- **Activity**:
Restate word for word every line from the top of the data below down through the line that holds "this is at least".

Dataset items

- Opening Delimiter -

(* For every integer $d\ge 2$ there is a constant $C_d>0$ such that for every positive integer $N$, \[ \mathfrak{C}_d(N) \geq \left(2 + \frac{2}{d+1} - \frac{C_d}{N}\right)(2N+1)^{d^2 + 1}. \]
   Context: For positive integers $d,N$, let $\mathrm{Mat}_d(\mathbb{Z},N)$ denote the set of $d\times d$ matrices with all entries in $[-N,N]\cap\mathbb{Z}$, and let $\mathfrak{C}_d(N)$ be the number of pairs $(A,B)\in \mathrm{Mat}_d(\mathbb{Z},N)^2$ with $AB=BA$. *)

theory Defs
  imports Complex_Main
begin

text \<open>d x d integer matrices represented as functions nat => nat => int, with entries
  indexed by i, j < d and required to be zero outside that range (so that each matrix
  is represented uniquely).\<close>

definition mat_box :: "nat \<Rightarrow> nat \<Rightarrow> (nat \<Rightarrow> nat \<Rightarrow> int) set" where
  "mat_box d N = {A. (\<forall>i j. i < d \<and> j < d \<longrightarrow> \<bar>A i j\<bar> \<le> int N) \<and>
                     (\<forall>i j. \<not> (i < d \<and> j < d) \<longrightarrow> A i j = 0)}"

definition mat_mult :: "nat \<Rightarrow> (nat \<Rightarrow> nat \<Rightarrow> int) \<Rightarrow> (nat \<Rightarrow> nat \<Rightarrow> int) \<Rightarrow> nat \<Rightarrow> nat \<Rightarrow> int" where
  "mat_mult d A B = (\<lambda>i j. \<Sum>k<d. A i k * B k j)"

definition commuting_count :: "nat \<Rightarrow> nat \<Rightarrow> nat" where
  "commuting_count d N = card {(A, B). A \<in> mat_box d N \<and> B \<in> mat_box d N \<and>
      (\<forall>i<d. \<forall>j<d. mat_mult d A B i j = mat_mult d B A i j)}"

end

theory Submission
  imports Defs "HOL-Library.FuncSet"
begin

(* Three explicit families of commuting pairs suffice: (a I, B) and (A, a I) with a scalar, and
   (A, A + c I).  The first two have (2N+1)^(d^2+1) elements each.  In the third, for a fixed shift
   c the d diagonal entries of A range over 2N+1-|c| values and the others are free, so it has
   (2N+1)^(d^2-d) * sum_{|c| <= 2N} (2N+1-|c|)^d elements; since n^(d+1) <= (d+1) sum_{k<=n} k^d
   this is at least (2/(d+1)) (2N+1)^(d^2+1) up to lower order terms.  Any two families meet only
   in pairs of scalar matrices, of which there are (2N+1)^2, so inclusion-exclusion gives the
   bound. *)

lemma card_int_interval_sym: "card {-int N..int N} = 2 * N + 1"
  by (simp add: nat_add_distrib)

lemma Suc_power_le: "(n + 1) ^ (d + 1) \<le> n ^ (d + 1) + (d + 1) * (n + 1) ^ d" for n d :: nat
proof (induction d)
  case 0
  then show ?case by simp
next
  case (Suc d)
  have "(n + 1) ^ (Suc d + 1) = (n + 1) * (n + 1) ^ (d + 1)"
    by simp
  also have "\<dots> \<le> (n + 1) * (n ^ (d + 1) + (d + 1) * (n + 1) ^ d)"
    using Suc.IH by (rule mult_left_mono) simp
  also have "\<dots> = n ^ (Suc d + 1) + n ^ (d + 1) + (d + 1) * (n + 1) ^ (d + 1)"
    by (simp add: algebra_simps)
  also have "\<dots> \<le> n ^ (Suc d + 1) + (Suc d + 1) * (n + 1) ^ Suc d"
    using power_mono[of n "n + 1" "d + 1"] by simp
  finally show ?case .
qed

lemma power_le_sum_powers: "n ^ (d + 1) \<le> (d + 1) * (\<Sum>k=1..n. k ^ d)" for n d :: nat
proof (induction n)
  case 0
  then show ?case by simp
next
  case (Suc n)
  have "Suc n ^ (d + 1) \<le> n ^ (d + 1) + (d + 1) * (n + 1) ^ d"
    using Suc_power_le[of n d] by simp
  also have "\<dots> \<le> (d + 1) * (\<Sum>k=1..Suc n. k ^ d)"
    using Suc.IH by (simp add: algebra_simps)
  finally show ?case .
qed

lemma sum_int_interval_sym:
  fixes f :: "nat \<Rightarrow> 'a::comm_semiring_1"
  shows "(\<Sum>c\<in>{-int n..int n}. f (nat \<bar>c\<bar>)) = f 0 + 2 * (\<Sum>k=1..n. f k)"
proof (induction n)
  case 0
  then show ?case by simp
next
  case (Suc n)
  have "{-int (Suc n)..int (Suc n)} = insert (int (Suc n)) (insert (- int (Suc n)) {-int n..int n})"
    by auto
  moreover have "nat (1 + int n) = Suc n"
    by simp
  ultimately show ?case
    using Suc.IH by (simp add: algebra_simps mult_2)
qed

- Closing Delimiter -

- **Task solution**:
(* For every integer $d\ge 2$ there is a constant $C_d>0$ such that for every positive integer $N$, \[ \mathfrak{C}_d(N) \geq \left(2 + \frac{2}{d+1} - \frac{C_d}{N}\right)(2N+1)^{d^2 + 1}. \]
   Context: For positive integers $d,N$, let $\mathrm{Mat}_d(\mathbb{Z},N)$ denote the set of $d\times d$ matrices with all entries in $[-N,N]\cap\mathbb{Z}$, and let $\mathfrak{C}_d(N)$ be the number of pairs $(A,B)\in \mathrm{Mat}_d(\mathbb{Z},N)^2$ with $AB=BA$. *)

theory Defs
  imports Complex_Main
begin

text \<open>d x d integer matrices represented as functions nat => nat => int, with entries
  indexed by i, j < d and required to be zero outside that range (so that each matrix
  is represented uniquely).\<close>

definition mat_box :: "nat \<Rightarrow> nat \<Rightarrow> (nat \<Rightarrow> nat \<Rightarrow> int) set" where
  "mat_box d N = {A. (\<forall>i j. i < d \<and> j < d \<longrightarrow> \<bar>A i j\<bar> \<le> int N) \<and>
                     (\<forall>i j. \<not> (i < d \<and> j < d) \<longrightarrow> A i j = 0)}"

definition mat_mult :: "nat \<Rightarrow> (nat \<Rightarrow> nat \<Rightarrow> int) \<Rightarrow> (nat \<Rightarrow> nat \<Rightarrow> int) \<Rightarrow> nat \<Rightarrow> nat \<Rightarrow> int" where
  "mat_mult d A B = (\<lambda>i j. \<Sum>k<d. A i k * B k j)"

definition commuting_count :: "nat \<Rightarrow> nat \<Rightarrow> nat" where
  "commuting_count d N = card {(A, B). A \<in> mat_box d N \<and> B \<in> mat_box d N \<and>
      (\<forall>i<d. \<forall>j<d. mat_mult d A B i j = mat_mult d B A i j)}"

end

theory Submission
  imports Defs "HOL-Library.FuncSet"
begin

(* Three explicit families of commuting pairs suffice: (a I, B) and (A, a I) with a scalar, and
   (A, A + c I).  The first two have (2N+1)^(d^2+1) elements each.  In the third, for a fixed shift
   c the d diagonal entries of A range over 2N+1-|c| values and the others are free, so it has
   (2N+1)^(d^2-d) * sum_{|c| <= 2N} (2N+1-|c|)^d elements; since n^(d+1) <= (d+1) sum_{k<=n} k^d
   this is at least (2/(d+1)) (2N+1)^(d^2+1) up to lower order terms.  Any two families meet only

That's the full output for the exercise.